My featured cook this week is faithful contributor, Jane Lambert of Stevensville, Montana. I think Jane knows me too well, because she wrote,”Winter doldrums got you down? Up in the night pulling calves? Just come in from feeding, and it’s 20 below? Maybe just uptight? These slightly alcoholic bundt cake recipes might just hit the spot!” Thanks, Jane!
Rum Cake:
1 C. finely chopped nuts
1 yellow cake mix
4 oz. instant vanilla pudding mix
4 large eggs
1/2 C. cold water
1/2 C. oil
1/2 C. dark rum
Preheat the oven to 325 degrees. Grease and flour a bundt, or tube pan. Sprinkle chopped nuts on the bottom of the pan. Mix all ingredients well, then pour into the pan. Bake for an hour or until it tests done with a toothpick. Cool on a wire rack for 15 or 20 minutes, and then invert onto a cake dish. Prick top of cake.
Topping: Mix and cook for five minutes:
3/4 C. water
1 C. sugar
1 stick of butter.
Cool for five minutes and add 1/2 C. rum.
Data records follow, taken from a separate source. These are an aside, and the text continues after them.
(* Let $C\in\mathbb{R}^{N\times N}$ be a symmetric positive definite matrix, and let $\{1,\dots,N\}=\mathcal S\cup\mathcal S'$ be a partition into disjoint nonempty sets, with block decomposition $C=\begin{bmatrix} C_{\mathcal S} & C_{\mathcal S\mathcal S'}\\ C_{\mathcal S'\mathcal S} & C_{\mathcal S'}\end{bmatrix}$, where $C_{\mathcal S},C_{\mathcal S'}\succ 0$. For $\lambda>0$ define \[ R_{\mathcal S}(\lambda):=(C_{\mathcal S}+\lambda I)^{-1}-\big[(C+\lambda I)^{-1}\big]_{\mathcal S}, \] where $[M]_{\mathcal S}$ denotes the principal submatrix of $M$ indexed by $\mathcal S$. Define \[ \theta:=\frac{\|C_{\mathcal S\mathcal S'}\|^2}{\lambda_{\min}(C_{\mathcal S})\,\lambda_{\min}(C_{\mathcal S'})}. \] If $\theta<1$, then for all $\lambda>0$, \[ \|R_{\mathcal S}(\lambda)\|\le \frac{\|C_{\mathcal S\mathcal S'}\|^2}{(1-\theta)\,(\lambda_{\min}(C)+\lambda)^3}. \]
   Context: $\|\cdot\|$ denotes the spectral (operator $2$-) norm and $\lambda_{\min}(\cdot)$ the smallest eigenvalue of a symmetric matrix. $C_{\mathcal S}$, $C_{\mathcal S'}$ are the principal submatrices of $C$ on $\mathcal S$ and $\mathcal S'$, and $C_{\mathcal S\mathcal S'}$ is the submatrix with rows in $\mathcal S$ and columns in $\mathcal S'$. *)

theory Defs
  imports "Jordan_Normal_Form.Char_Poly" "Jordan_Normal_Form.DL_Submatrix"
begin

text \<open>Matrices are JNF matrices with 0-based indices; an N x N matrix has index set {0..<N}.\<close>

definition sym_mat :: "real mat \<Rightarrow> bool" where
  "sym_mat A \<longleftrightarrow> A\<^sup>T = A"

definition pos_def :: "real mat \<Rightarrow> bool" where
  "pos_def A \<longleftrightarrow> A \<in> carrier_mat (dim_row A) (dim_row A) \<and> sym_mat A \<and>
     (\<forall>x \<in> carrier_vec (dim_row A). x \<noteq> 0\<^sub>v (dim_row A) \<longrightarrow> x \<bullet> (A *\<^sub>v x) > 0)"

definition vnorm :: "real vec \<Rightarrow> real" where
  "vnorm x = sqrt (x \<bullet> x)"

definition spec_norm :: "real mat \<Rightarrow> real" where
  "spec_norm A = Sup {vnorm (A *\<^sub>v x) | x. x \<in> carrier_vec (dim_col A) \<and> vnorm x = 1}"

text \<open>Smallest eigenvalue (of a symmetric matrix, whose eigenvalues are all real).\<close>
definition lambda_min :: "real mat \<Rightarrow> real" where
  "lambda_min A = Min {k. eigenvalue A k}"

definition mat_inv :: "real mat \<Rightarrow> real mat" where
  "mat_inv A = (SOME B. B \<in> carrier_mat (dim_row A) (dim_row A) \<and> inverts_mat A B \<and> inverts_mat B A)"

abbreviation principal_sub :: "real mat \<Rightarrow> nat set \<Rightarrow> real mat" where
  "principal_sub M S \<equiv> submatrix M S S"

definition R_S :: "real mat \<Rightarrow> nat set \<Rightarrow> real \<Rightarrow> real mat" where
  "R_S C S lam = mat_inv (principal_sub C S + lam \<cdot>\<^sub>m 1\<^sub>m (card S))
      - principal_sub (mat_inv (C + lam \<cdot>\<^sub>m 1\<^sub>m (dim_row C))) S"

end

theory Submission
  imports Defs
begin

text \<open>
  Put \<open>K = C + \<lambda>I\<close> and \<open>c = \<lambda>\<^sub>m\<^sub>i\<^sub>n(C) + \<lambda>\<close>, so that \<open>x\<bullet>Kx \<ge> c |x|\<^sup>2\<close>, and the same holds for
  every principal block of \<open>K\<close>. For \<open>u\<close> on \<open>S\<close> let \<open>z = K\<^sup>-\<^sup>1 u\<close> (with \<open>u\<close> extended by zero) and let
  \<open>p\<close>, \<open>q\<close> be the parts of \<open>z\<close> on \<open>S\<close> and \<open>S'\<close>. The two block rows of \<open>Kz = u\<close> read
  \<open>u = K\<^sub>S p + K\<^sub>S\<^sub>S\<^sub>' q\<close> and \<open>K\<^sub>S\<^sub>'\<^sub>S p + K\<^sub>S\<^sub>' q = 0\<close>, so \<open>R\<^sub>S u = K\<^sub>S\<^sup>-\<^sup>1 u - p = K\<^sub>S\<^sup>-\<^sup>1 K\<^sub>S\<^sub>S\<^sub>' q\<close>.
  Coercivity turns these identities into \<open>c|p| \<le> |u|\<close>, \<open>c|q| \<le> \<parallel>K\<^sub>S\<^sub>S\<^sub>'\<parallel> |p|\<close> and
  \<open>c|R\<^sub>S u| \<le> \<parallel>K\<^sub>S\<^sub>S\<^sub>'\<parallel> |q|\<close>, whence \<open>\<parallel>R\<^sub>S\<parallel> \<le> \<parallel>C\<^sub>S\<^sub>S\<^sub>'\<parallel>\<^sup>2 / c\<^sup>3\<close>; this is even stronger than the claim,
  as \<open>0 < 1 - \<theta> \<le> 1\<close>.

  The smallest eigenvalue enters only through the Rayleigh bound \<open>\<lambda>\<^sub>m\<^sub>i\<^sub>n(A)|x|\<^sup>2 \<le> x\<bullet>Ax\<close>. It
  holds because the infimum \<open>\<mu>\<close> of the Rayleigh quotient is an eigenvalue: otherwise the
  positive semidefinite matrix \<open>A - \<mu>I\<close> would be invertible, hence uniformly positive definite.
\<close>

lemma quadratic_nonneg_discriminant:
  fixes a b c :: real
  assumes nonneg: "\<And>t. 0 \<le> a + 2 * t * b + t\<^sup>2 * c" and c: "0 \<le> c"
  shows "b\<^sup>2 \<le> a * c"
proof (cases "c = 0")
  case True
  have "b = 0"
  proof (rule ccontr)
    assume "b \<noteq> 0"
    with nonneg[of "- (a + 1) / (2 * b)"] True show False by (simp add: field_simps)
  qed
  with True show ?thesis by simp
next
  case False
  with c have "0 < c" by simp
  with nonneg[of "- b / c"] show ?thesis by (simp add: field_simps power2_eq_square)
qed

lemma mult_le_if_mult_square_le:
  fixes a b c :: real
  assumes "0 \<le> a" "0 \<le> b" "c * a\<^sup>2 \<le> a * b"
  shows "c * a \<le> b"
proof (cases "a = 0")
  case False
  with assms show ?thesis by (simp add: power2_eq_square)
qed (use assms in simp)

lemma divide_le_divide_one_minus:
  fixes b c \<theta> :: real
  assumes "0 \<le> b" "0 < c" "0 \<le> \<theta>" "\<theta> < 1"
  shows "b / c \<le> b / ((1 - \<theta>) * c)"
  by (rule divide_left_mono) (use assms in \<open>simp_all add: mult_le_cancel_right1\<close>)

section \<open>Quadratic forms and the spectral norm\<close>

lemma scalar_prod_self_nonneg: "0 \<le> (x :: real vec) \<bullet> x"
  unfolding scalar_prod_def by (auto intro: sum_nonneg)

lemma scalar_prod_self_pos:
  assumes x: "x \<in> carrier_vec n" and nz: "x \<noteq> 0\<^sub>v n"
  shows "0 < (x :: real vec) \<bullet> x"
proof -
  obtain i where i: "i < n" "x $ i \<noteq> 0"
    using nz x by (metis eq_vecI carrier_vecD index_zero_vec)
  have "0 < (\<Sum>j\<in>{0..<n}. x $ j * x $ j)"
    by (rule sum_pos2[of _ i]) (use i in \<open>auto simp: zero_less_mult_iff linorder_neq_iff\<close>)
  thus ?thesis using x unfolding scalar_prod_def by simp
qed

lemma sym_mat_scalar_prod_swap:
  assumes A: "A \<in> carrier_mat n n" "sym_mat A"
    and x: "x \<in> carrier_vec n" and y: "y \<in> carrier_vec n"
  shows "x \<bullet> (A *\<^sub>v y) = y \<bullet> (A *\<^sub>v x)"
proof -
  have "x \<bullet> (A *\<^sub>v y) = (A\<^sup>T *\<^sub>v x) \<bullet> y"
    using transpose_vec_mult_scalar[OF A(1) y x] by simp
  also have "\<dots> = y \<bullet> (A *\<^sub>v x)"
    using A x y by (simp add: sym_mat_def comm_scalar_prod[of _ n])
  finally show ?thesis .
qed

lemma quadratic_form_expand:
  assumes A: "A \<in> carrier_mat n n" "sym_mat A"
    and x: "x \<in> carrier_vec n" and y: "y \<in> carrier_vec n"
  shows "(x + t \<cdot>\<^sub>v y) \<bullet> (A *\<^sub>v (x + t \<cdot>\<^sub>v y))
     = x \<bullet> (A *\<^sub>v x) + 2 * t * (x \<bullet> (A *\<^sub>v y)) + t\<^sup>2 * (y \<bullet> (A *\<^sub>v y))"
proof -
  have "A *\<^sub>v (x + t \<cdot>\<^sub>v y) = A *\<^sub>v x + t \<cdot>\<^sub>v (A *\<^sub>v y)"
    using A x y by (simp add: mult_add_distrib_mat_vec[of A n n] mult_mat_vec)
  hence "(x + t \<cdot>\<^sub>v y) \<bullet> (A *\<^sub>v (x + t \<cdot>\<^sub>v y))
     = x \<bullet> (A *\<^sub>v x) + t * (x \<bullet> (A *\<^sub>v y)) + t * (y \<bullet> (A *\<^sub>v x)) + t\<^sup>2 * (y \<bullet> (A *\<^sub>v y))"
    using A x y by (simp add: add_scalar_prod_distrib[of _ n] scalar_prod_add_distrib[of _ n]
        power2_eq_square algebra_simps)
  thus ?thesis using sym_mat_scalar_prod_swap[OF A x y] by simp
qed

lemma sym_mat_add_smult_one:
  assumes "C \<in> carrier_mat n n" "sym_mat C"
  shows "sym_mat (C + a \<cdot>\<^sub>m 1\<^sub>m n)"
  using assms by (auto simp: sym_mat_def transpose_add[of _ n n])

lemma quadratic_form_add_smult_one:
  fixes A :: "real mat"
  assumes A: "A \<in> carrier_mat n n" and x: "x \<in> carrier_vec n"
  shows "x \<bullet> ((A + a \<cdot>\<^sub>m 1\<^sub>m n) *\<^sub>v x) = x \<bullet> (A *\<^sub>v x) + a * (x \<bullet> x)"
proof -
  have "(A + a \<cdot>\<^sub>m 1\<^sub>m n) *\<^sub>v x = A *\<^sub>v x + a \<cdot>\<^sub>v x"
    using A x by (auto simp: add_mult_distrib_mat_vec[of A n n])
  with A x show ?thesis by (simp add: scalar_prod_add_distrib[of x n])
qed

lemma psd_cauchy_schwarz:
  assumes A: "A \<in> carrier_mat n n" "sym_mat A"
    and psd: "\<And>z. z \<in> carrier_vec n \<Longrightarrow> 0 \<le> z \<bullet> (A *\<^sub>v z)"
    and x: "x \<in> carrier_vec n" and y: "y \<in> carrier_vec n"
  shows "(x \<bullet> (A *\<^sub>v y))\<^sup>2 \<le> (x \<bullet> (A *\<^sub>v x)) * (y \<bullet> (A *\<^sub>v y))"
proof (rule quadratic_nonneg_discriminant)
  fix t :: real
  show "0 \<le> x \<bullet> (A *\<^sub>v x) + 2 * t * (x \<bullet> (A *\<^sub>v y)) + t\<^sup>2 * (y \<bullet> (A *\<^sub>v y))"
    using psd[of "x + t \<cdot>\<^sub>v y"] quadratic_form_expand[OF A x y, of t] x y by auto
qed (rule psd[OF y])

lemma cauchy_schwarz_sq:
  assumes "x \<in> carrier_vec n" "y \<in> carrier_vec n"
  shows "(x \<bullet> y)\<^sup>2 \<le> (x \<bullet> x) * ((y :: real vec) \<bullet> y)"
  using psd_cauchy_schwarz[of "1\<^sub>m n" n x y] assms
  by (simp add: sym_mat_def scalar_prod_self_nonneg)

lemma vnorm_nonneg: "0 \<le> vnorm x"
  unfolding vnorm_def using scalar_prod_self_nonneg[of x] by simp

lemma vnorm_square: "vnorm x ^ 2 = x \<bullet> x"
  unfolding vnorm_def using scalar_prod_self_nonneg by simp

lemma vnorm_smult: "vnorm (a \<cdot>\<^sub>v x) = \<bar>a\<bar> * vnorm x"
proof -
  have "(a \<cdot>\<^sub>v x) \<bullet> (a \<cdot>\<^sub>v x) = a\<^sup>2 * (x \<bullet> x)"
    unfolding scalar_prod_def by (simp add: sum_distrib_left power2_eq_square algebra_simps)
  thus ?thesis unfolding vnorm_def by (simp add: real_sqrt_mult)
qed

lemma vnorm_unit_vec: "i < n \<Longrightarrow> vnorm (unit_vec n i) = 1"
  unfolding vnorm_def by simp

lemma abs_scalar_prod_le_vnorm:
  assumes "x \<in> carrier_vec n" "y \<in> carrier_vec n"
  shows "\<bar>x \<bullet> y\<bar> \<le> vnorm x * vnorm y"
proof -
  have "sqrt ((x \<bullet> y)\<^sup>2) \<le> sqrt ((x \<bullet> x) * (y \<bullet> y))"
    using cauchy_schwarz_sq[OF assms] by (rule real_sqrt_le_mono)
  thus ?thesis unfolding vnorm_def by (simp add: real_sqrt_mult)
qed

lemma mat_vec_bounded:
  assumes A: "A \<in> carrier_mat nr nc"
  shows "\<exists>K\<ge>0. \<forall>x\<in>carrier_vec nc. vnorm (A *\<^sub>v x) \<le> K * vnorm x"
proof -
  define K2 where "K2 = (\<Sum>i\<in>{0..<nr}. row A i \<bullet> row A i)"
  have K2: "0 \<le> K2" unfolding K2_def by (auto intro: sum_nonneg scalar_prod_self_nonneg)
  have "vnorm (A *\<^sub>v x) \<le> sqrt K2 * vnorm x" if x: "x \<in> carrier_vec nc" for x
  proof -
    have "(A *\<^sub>v x) \<bullet> (A *\<^sub>v x) = (\<Sum>i\<in>{0..<nr}. (row A i \<bullet> x)\<^sup>2)"
      using A unfolding scalar_prod_def[of "A *\<^sub>v x"] by (simp add: power2_eq_square)
    also have "\<dots> \<le> (\<Sum>i\<in>{0..<nr}. (row A i \<bullet> row A i) * (x \<bullet> x))"
      by (rule sum_mono, rule cauchy_schwarz_sq[of _ nc]) (use A x in auto)
    also have "\<dots> = K2 * (x \<bullet> x)" unfolding K2_def by (simp add: sum_distrib_right)
    finally show ?thesis
      unfolding vnorm_def by (metis real_sqrt_le_mono real_sqrt_mult)
  qed
  with K2 show ?thesis by (intro exI[of _ "sqrt K2"]) auto
qed

lemma spec_norm_le:
  assumes A: "A \<in> carrier_mat nr nc" and nc: "0 < nc"
    and bound: "\<And>x. x \<in> carrier_vec nc \<Longrightarrow> vnorm x = 1 \<Longrightarrow> vnorm (A *\<^sub>v x) \<le> b"
  shows "spec_norm A \<le> b"
  unfolding spec_norm_def
proof (rule cSup_least)
  show "{vnorm (A *\<^sub>v x) |x. x \<in> carrier_vec (dim_col A) \<and> vnorm x = 1} \<noteq> {}"
    using A nc vnorm_unit_vec[OF nc] by (auto intro!: exI[of _ "unit_vec nc 0"])
qed (use A bound in auto)

lemma vnorm_mult_le_spec_norm:
  assumes A: "A \<in> carrier_mat nr nc" and x: "x \<in> carrier_vec nc"
  shows "vnorm (A *\<^sub>v x) \<le> spec_norm A * vnorm x"
proof -
  obtain K where K: "\<And>x. x \<in> carrier_vec nc \<Longrightarrow> vnorm (A *\<^sub>v x) \<le> K * vnorm x"
    using mat_vec_bounded[OF A] by auto
  let ?R = "{vnorm (A *\<^sub>v x) |x. x \<in> carrier_vec (dim_col A) \<and> vnorm x = 1}"
  have bdd: "bdd_above ?R"
  proof (rule bdd_aboveI)
    fix t assume "t \<in> ?R"
    then obtain x where "x \<in> carrier_vec nc" "vnorm x = 1" "t = vnorm (A *\<^sub>v x)"
      using A by auto
    with K show "t \<le> K" by (metis mult.right_neutral)
  qed
  show ?thesis
  proof (cases "vnorm x = 0")
    case True
    then show ?thesis using K[OF x] vnorm_nonneg[of "A *\<^sub>v x"] by simp
  next
    case False
    hence pos: "0 < vnorm x" using vnorm_nonneg[of x] by simp
    define u where "u = (1 / vnorm x) \<cdot>\<^sub>v x"
    have u: "u \<in> carrier_vec nc" "vnorm u = 1"
      unfolding u_def using x pos by (auto simp: vnorm_smult)
    have "vnorm (A *\<^sub>v u) = vnorm (A *\<^sub>v x) / vnorm x"
      unfolding u_def using A x pos by (simp add: mult_mat_vec vnorm_smult)
    moreover have "vnorm (A *\<^sub>v u) \<le> spec_norm A"
      unfolding spec_norm_def by (rule cSup_upper[OF _ bdd]) (use u A in auto)
    ultimately show ?thesis using pos by (simp add: divide_le_eq mult.commute)
  qed
qed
Let thicken some, and pour over the top of the cake.
Peppermint Schnapps Chocolate Cake:
1 box chocolate cake mix --(I used Betty Crocker Triple Chocolate Fudge)
4oz. box instant chocolate pudding
1 C. Peppermint Schnapps
1/4 C. water
4 large eggs
1/2 C. oil
Prepare bundt pan: grease well with butter. Scatter chocolate sprinkles on bottom and sides of pan. Mix well and pour into the prepared bundt pan. Bake at 325 degrees for about 45 minutes. Test for doneness with a toothpick. Let cool in a pan for 15 minutes on a wire rack and then turn out onto the rack. Cool thoroughly and apply glaze.
Glaze:
1 1/4 C. powdered sugar
3 T. Schnapps
Mix together well, adjusting the consistency to your liking with powdered sugar or Schnapps, and drizzle glaze over the cake.